Dari kedua dasar platform pembangunan SDM ini, selain tak tampak adanya sensitivitas yang sama soal pentingnya pengembangan SDM, keduanya tak menunjukkan arus utama yang akan dilakukan pemerintah dalam dunia pendidikan. Dengan ide revolusi mental dan pembangunan SDM sebagai prioritas, seharusnya tergambar jelas poros perubahan operasi pendidikan, seperti jelasnya fokus membangun jalan tol pada pembangunan infrastruktur periode lalu. Mencermati tema RPJM IV 2020- 2024, ”Indonesia Berpenghasilan Menengah-Tinggi yang Sejahtera, Adil, dan Berkesinambungan”, juga dari berbagai pidato Jokowi—di antaranya dalam penjelasan RAPBN 2020 di rapat paripurna DPR—yang senantiasa mengaitkan pembangunan SDM dengan peningkatan daya saing dalam konteks perekonomian, sepertinya ide utama dalam benak pemerintah adalah pembangunan ekonomi, bukan pembangunan SDM.

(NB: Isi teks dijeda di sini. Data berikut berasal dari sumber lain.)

lemma m2_pow_twisted:
  fixes a B C d :: "'a::complex_banach_algebra_1"
  assumes aB: "a * B = scaleC l (B * d)" and dC: "d * C = scaleC l (C * a)"
    and BdC: "\<And>k. B * d ^ k * C = 0"
  shows "m2_pow (M2 a B C d) (n + 2) =
    M2 (a ^ (n + 2)) (scaleC (\<Sum>k\<le>n + 1. l ^ k) (B * d ^ (n + 1)))
       (scaleC (\<Sum>k\<le>n + 1. l ^ k) (C * a ^ (n + 1)))
       (d ^ (n + 2) + scaleC (\<Sum>m\<le>n. l ^ m * (\<Sum>k\<le>m. l ^ k)) (C * B * d ^ n))"
proof (induction n)
  case 0
  have "B * C = 0" using BdC[of 0] by simp
  then show ?case
    using aB dC by (simp add: numeral_2_eq_2 m2_one_def power2_eq_square scaleC_add_left scaleC_one)
next
  case (Suc n)
  have "m2_pow (M2 a B C d) (Suc n + 2) = m2_mult (m2_pow (M2 a B C d) (n + 2)) (M2 a B C d)"
    by simp
  also have "\<dots> = M2 (a ^ (Suc n + 2)) (scaleC (\<Sum>k\<le>Suc n + 1. l ^ k) (B * d ^ (Suc n + 1)))
       (scaleC (\<Sum>k\<le>Suc n + 1. l ^ k) (C * a ^ (Suc n + 1)))
       (d ^ (Suc n + 2) + scaleC (\<Sum>m\<le>Suc n. l ^ m * (\<Sum>k\<le>m. l ^ k)) (C * B * d ^ Suc n))"
    unfolding Suc.IH m2_mult_twisted_step[OF aB dC BdC] by (simp add: add.commute)
  finally show ?case .
qed

lemma norm_scaleC_mult_le:
  fixes x y :: "'a::complex_banach_algebra_1"
  assumes "cmod \<beta> \<le> K" and "norm y \<le> N"
  shows "norm (scaleC \<beta> (x * y)) \<le> K * (norm x * N)"
proof -
  have "norm (scaleC \<beta> (x * y)) \<le> cmod \<beta> * (norm x * norm y)"
    by (simp add: norm_scaleC mult_left_mono norm_mult_ineq)
  also have "\<dots> \<le> K * (norm x * N)"
    using assms by (intro mult_mono mult_left_mono) (auto intro: order_trans[OF norm_ge_zero])
  finally show ?thesis .
qed

lemma m2_norm_pow_twisted_le:
  fixes a B C d :: "'a::complex_banach_algebra_1"
  assumes aB: "a * B = scaleC l (B * d)" and dC: "d * C = scaleC l (C * a)"
    and BdC: "\<And>k. B * d ^ k * C = 0"
    and a_le: "\<And>k. n \<le> k \<Longrightarrow> norm (a ^ k) \<le> M" and d_le: "\<And>k. n \<le> k \<Longrightarrow> norm (d ^ k) \<le> M"
  shows "m2_norm (m2_pow (M2 a B C d) (n + 2))
    \<le> M * (2 + (1 + cmod l) * (norm B + norm C) + norm C * norm B) * (1 + cmod l) ^ (2 * n)"
proof -
  define L where "L = 1 + cmod l"
  define \<beta> where "\<beta> = (\<Sum>k\<le>n + 1. l ^ k)"
  define \<delta> where "\<delta> = (\<Sum>m\<le>n. l ^ m * (\<Sum>k\<le>m. l ^ k))"
  have L: "1 \<le> L" by (simp add: L_def)
  have M: "0 \<le> M" using a_le[of n] norm_ge_zero order_trans by blast
  have M_le: "M \<le> M * L ^ (2 * n)" using mult_left_mono[OF one_le_power[OF L] M] by simp
  have "cmod \<beta> \<le> L * L ^ n" using norm_sum_power_le[of l "n + 1"] by (simp add: \<beta>_def L_def)
  also have "\<dots> \<le> L * L ^ (2 * n)" using L by (intro mult_left_mono power_increasing) auto
  finally have \<beta>_le: "cmod \<beta> \<le> L * L ^ (2 * n)" .
  have \<delta>_le: "cmod \<delta> \<le> L ^ (2 * n)"
    using norm_sum_power_mult_sum_power_le[of l n] by (simp add: \<delta>_def L_def)
  have "norm (scaleC \<beta> (B * d ^ (n + 1))) \<le> L * L ^ (2 * n) * (norm B * M)"
    using \<beta>_le d_le[of "n + 1"] by (rule norm_scaleC_mult_le) simp
  moreover have "norm (scaleC \<beta> (C * a ^ (n + 1))) \<le> L * L ^ (2 * n) * (norm C * M)"
    using \<beta>_le a_le[of "n + 1"] by (rule norm_scaleC_mult_le) simp
  moreover have "norm (scaleC \<delta> (C * B * d ^ n)) \<le> L ^ (2 * n) * (norm (C * B) * M)"
    using \<delta>_le d_le[of n] by (rule norm_scaleC_mult_le) simp
  moreover have "L ^ (2 * n) * (norm (C * B) * M) \<le> L ^ (2 * n) * (norm C * norm B * M)"
    using M L by (intro mult_left_mono mult_right_mono norm_mult_ineq) auto
  moreover have "norm (a ^ (n + 2)) \<le> M * L ^ (2 * n)" "norm (d ^ (n + 2)) \<le> M * L ^ (2 * n)"
    using a_le[of "n + 2"] d_le[of "n + 2"] M_le by simp_all
  ultimately show ?thesis
    unfolding m2_pow_twisted[OF aB dC BdC] \<beta>_def[symmetric] \<delta>_def[symmetric] L_def[symmetric]
    using norm_triangle_ineq[of "d ^ (n + 2)" "scaleC \<delta> (C * B * d ^ n)"]
    by (simp add: algebra_simps)
qed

Sayangnya, model berpikir ekonomis seperti itu telah mendasari pembangunan SDM semasa Orde Baru, alhasil paradigma dan pola pikir belum tersentuh pembangunan seperti tersebut di atas.
KOMPAS/RHAMA PURNA JATI
Siti Komariah bersama murid-muridnya di SD Muhammadiyah 4 Palembang Filial Desa Saluran, Kabupaten Banyuasin, Sumatera Selatan, Rabu (13/11/2019). Siti adalah satu-satunya guru yang mengajar di sekolah itu.
Dengan ide revolusi mental dan pembangunan SDM sebagai prioritas seharusnya tergambar jelas poros perubahan operasi pendidikan, seperti jelasnya fokus membangun jalan tol pada pembangunan infrastruktur periode lalu.
Faktor Nadiem Makarim
Meski platform pendidikan pemerintah tampak biasa saja, penunjukan Nadiem sebagai Mendikbud menjadikan kebijakan Jokowi terasa tak biasa. Pengangkatan Nadiem merupakan sebuah ”disrupsi”, dan tampaknya Presiden mengharapkan Nadiem juga melakukan ”disrupsi” dalam dunia pendidikan kita yang stagnan. Berulang kali Presiden mengatakan, pendidikan kita begitu-begitu saja, tanpa kemajuan berarti. Sementara dunia berubah sangat cepat. Nadiem sepertinya dijadikan ”faktor” pengubah dan akselerator dalam platform pendidikan Jokowi Ma’ruf.
Pesan Presiden kepada Mendikbud baru itu, buatlah pendidikan kita fleksibel, simpel, dan tidak as usual. Presiden meminta Nadiem mengaplikasikan teknologi pada sistem pendidikan kita agar terjadi ”lompatan dalam kualitas SDM kita”. Nadiem, dengan kapabilitas dan spirit milenialnya tampak percaya diri dan siap mengelola sekitar 300.000-an sekolah, 50 jutaan murid, dan sekitar 3,5 jutaan guru. Namun, seperti dikatakannya, urusan memajukan pendidikan bukan sebatas mendigitalisasi dan mengaplikasikan teknologi ke dalam sistem yang ada. Terdapat problem konstitusional dan fundamental terkait realitas budaya dan realitas alamiah yang harus disusun menjadi obyektif dan arah operasional pendidikan nasional. Maka, Nadiem pun siap mendengar dan belajar.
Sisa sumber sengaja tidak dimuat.